■ What is expected:
Nothing but an exact reprint of the records is to be returned.

(Excerpts from a dataset)
• • •

(* Suppose Assumptions 1 and 2 hold and the learner runs the TH LASSO bandit algorithm with some $\lambda_0>0$. Let $C_0=\min\{\frac12,\frac{\phi_0^2}{256s_0s_A^2}\}$, $\hat\Sigma_t=\frac1t\sum_{s=1}^tA_sA_s^\top$ and $\Sigma_t=\frac1t\sum_{s=1}^t\mathbb E[A_sA_s^\top\mid\mathcal H_{s-1}]$. Then for all $t\ge\frac{2\log(2d^2)}{C_0^2}$, $$\Pr\Big(\frac{1}{2s_A^2}\|\hat\Sigma_t-\Sigma_t\|_\infty\ge\frac{\phi^2(\Sigma_t,S)}{64s_0s_A^2}\Big)\le\exp\Big(-\frac{tC_0^2}{2}\Big),$$ where $\|M\|_\infty=\max_{i,j}|M_{ij}|$ is the entrywise maximum norm.
   Context: Model: Fix integers $K\ge 2$, $d\ge 1$ and an unknown $\theta\in\mathbb R^d$. In each round $t=1,2,\dots$ a context set $\mathcal A_t=\{A_{t,1},\dots,A_{t,K}\}$ with $A_{t,k}\in\mathbb R^d$ is revealed; the sequence $(\mathcal A_t)_{t\ge1}$ is i.i.d. with distribution $p_A$ on $\mathbb R^{K\times d}$. The learner selects $A_t\in\mathcal A_t$, measurable with respect to $\mathcal F_t=\sigma(\mathcal A_1,A_1,r_1,\dots,\mathcal A_{t-1},A_{t-1},r_{t-1},\mathcal A_t)$ (together with independent internal randomization for tie-breaking), and observes $r_t=\langle A_t,\theta\rangle+\varepsilon_t$, where conditionally on $\mathcal F_t$ and $A_t$ the noise $\varepsilon_t$ has mean zero and is sub-Gaussian with variance proxy $\sigma^2$. $\mathcal H_{s-1}$ denotes the sigma-algebra generated by all observations (contexts, choices, rewards and tie-breaking randomness) of rounds $1,\dots,s-1$. Notation: $S=\{i\in[d]:\theta_i\neq0\}$; for $B\subset[d]$ and $x\in\mathbb R^d$, $x_B\in\mathbb R^d$ has coordinates $x_i\mathbb 1\{i\in B\}$. Assumption 1: $\|\theta\|_0\le s_0$ for an integer $s_0\ge1$; $\|\theta\|_2\le s_2$; and almost surely $\|A_{t,k}\|_2\le s_A$ for all $t,k$. Compatibility constant: for $M\in\mathbb R^{d\times d}$ and $S_0\subset[d]$, $\phi^2(M,S_0)=\min\{ s_0\, x^\top Mx/\|x_{S_0}\|_1^2 : x\in\mathbb R^d,\ \|x_{S_0}\|_1\ne0,\ \|x_{S_0^c}\|_1\le3\|x_{S_0}\|_1\}$. Assumption 2: there is $\phi_0>0$ such that for every $\theta'\in\mathbb R^d$ the matrix $\Sigma(\theta')=\mathbb E_{\mathcal A\sim p_A}\big[\sum_{k=1}^K A_kA_k^\top\mathbb 1\{k=\arg\max_{k'}\langle A_{k'},\theta'\rangle\}\big]$ satisfies $\phi^2(\Sigma(\theta'),S)\ge\phi_0^2$. TH LASSO bandit algorithm (parameter $\lambda_0>0$), with $\hat\theta_1$ arbitrary (e.g. $0$): in round $t$, pull $A_t\in\arg\max_{A\in\mathcal A_t}\langle A,\hat\theta_t\rangle$ (ties broken uniformly at random) and observe $r_t$. Set $\lambda_t=\lambda_0\sqrt{2\log t\log d/t}$, let $\mathbf A\in\mathbb R^{t\times d}$ have rows $A_1^\top,\dots,A_t^\top$ and $R=(r_1,\dots,r_t)^\top$; compute $\hat\theta_0^{(t)}\in\arg\min_{\theta'}\frac1t\|R-\mathbf A\theta'\|_2^2+\lambda_t\|\theta'\|_1$, $\hat S_0^{(t)}=\{j:|(\hat\theta_0^{(t)})_j|>4\lambda_t\}$, $\hat S_1^{(t)}=\{j\in\hat S_0^{(t)}:|(\hat\theta_0^{(t)})_j|\ge4\lambda_t\sqrt{|\hat S_0^{(t)}|}\}$; with $\mathbf A(\hat S_1^{(t)})$ the submatrix of columns in $\hat S_1^{(t)}$, set $\hat\theta_{t+1}$ equal to $(\mathbf A(\hat S_1^{(t)})^\top\mathbf A(\hat S_1^{(t)}))^{-1}\mathbf A(\hat S_1^{(t)})^\top R$ on coordinates in $\hat S_1^{(t)}$ and $0$ elsewhere. *)

theory Defs
  imports "HOL-Probability.Probability"
begin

• • •

■ Task answer:
(* Suppose Assumptions 1 and 2 hold and the learner runs the TH LASSO bandit algorithm with some $\lambda_0>0$. Let $C_0=\min\{\frac12,\frac{\phi_0^2}{256s_0s_A^2}\}$, $\hat\Sigma_t=\frac1t\sum_{s=1}^tA_sA_s^\top$ and $\Sigma_t=\frac1t\sum_{s=1}^t\mathbb E[A_sA_s^\top\mid\mathcal H_{s-1}]$. Then for all $t\ge\frac{2\log(2d^2)}{C_0^2}$, $$\Pr\Big(\frac{1}{2s_A^2}\|\hat\Sigma_t-\Sigma_t\|_\infty\ge\frac{\phi^2(\Sigma_t,S)}{64s_0s_A^2}\Big)\le\exp\Big(-\frac{tC_0^2}{2}\Big),$$ where $\|M\|_\infty=\max_{i,j}|M_{ij}|$ is the entrywise maximum norm.
   Context: Model: Fix integers $K\ge 2$, $d\ge 1$ and an unknown $\theta\in\mathbb R^d$. In each round $t=1,2,\dots$ a context set $\mathcal A_t=\{A_{t,1},\dots,A_{t,K}\}$ with $A_{t,k}\in\mathbb R^d$ is revealed; the sequence $(\mathcal A_t)_{t\ge1}$ is i.i.d. with distribution $p_A$ on $\mathbb R^{K\times d}$. The learner selects $A_t\in\mathcal A_t$, measurable with respect to $\mathcal F_t=\sigma(\mathcal A_1,A_1,r_1,\dots,\mathcal A_{t-1},A_{t-1},r_{t-1},\mathcal A_t)$ (together with independent internal randomization for tie-breaking), and observes $r_t=\langle A_t,\theta\rangle+\varepsilon_t$, where conditionally on $\mathcal F_t$ and $A_t$ the noise $\varepsilon_t$ has mean zero and is sub-Gaussian with variance proxy $\sigma^2$. $\mathcal H_{s-1}$ denotes the sigma-algebra generated by all observations (contexts, choices, rewards and tie-breaking randomness) of rounds $1,\dots,s-1$. Notation: $S=\{i\in[d]:\theta_i\neq0\}$; for $B\subset[d]$ and $x\in\mathbb R^d$, $x_B\in\mathbb R^d$ has coordinates $x_i\mathbb 1\{i\in B\}$. Assumption 1: $\|\theta\|_0\le s_0$ for an integer $s_0\ge1$; $\|\theta\|_2\le s_2$; and almost surely $\|A_{t,k}\|_2\le s_A$ for all $t,k$. Compatibility constant: for $M\in\mathbb R^{d\times d}$ and $S_0\subset[d]$, $\phi^2(M,S_0)=\min\{ s_0\, x^\top Mx/\|x_{S_0}\|_1^2 : x\in\mathbb R^d,\ \|x_{S_0}\|_1\ne0,\ \|x_{S_0^c}\|_1\le3\|x_{S_0}\|_1\}$. Assumption 2: there is $\phi_0>0$ such that for every $\theta'\in\mathbb R^d$ the matrix $\Sigma(\theta')=\mathbb E_{\mathcal A\sim p_A}\big[\sum_{k=1}^K A_kA_k^\top\mathbb 1\{k=\arg\max_{k'}\langle A_{k'},\theta'\rangle\}\big]$ satisfies $\phi^2(\Sigma(\theta'),S)\ge\phi_0^2$. TH LASSO bandit algorithm (parameter $\lambda_0>0$), with $\hat\theta_1$ arbitrary (e.g. $0$): in round $t$, pull $A_t\in\arg\max_{A\in\mathcal A_t}\langle A,\hat\theta_t\rangle$ (ties broken uniformly at random) and observe $r_t$. Set $\lambda_t=\lambda_0\sqrt{2\log t\log d/t}$, let $\mathbf A\in\mathbb R^{t\times d}$ have rows $A_1^\top,\dots,A_t^\top$ and $R=(r_1,\dots,r_t)^\top$; compute $\hat\theta_0^{(t)}\in\arg\min_{\theta'}\frac1t\|R-\mathbf A\theta'\|_2^2+\lambda_t\|\theta'\|_1$, $\hat S_0^{(t)}=\{j:|(\hat\theta_0^{(t)})_j|>4\lambda_t\}$, $\hat S_1^{(t)}=\{j\in\hat S_0^{(t)}:|(\hat\theta_0^{(t)})_j|\ge4\lambda_t\sqrt{|\hat S_0^{(t)}|}\}$; with $\mathbf A(\hat S_1^{(t)})$ the submatrix of columns in $\hat S_1^{(t)}$, set $\hat\theta_{t+1}$ equal to $(\mathbf A(\hat S_1^{(t)})^\top\mathbf A(\hat S_1^{(t)}))^{-1}\mathbf A(\hat S_1^{(t)})^\top R$ on coordinates in $\hat S_1^{(t)}$ and $0$ elsewhere. *)

theory Defs
  imports "HOL-Probability.Probability"
begin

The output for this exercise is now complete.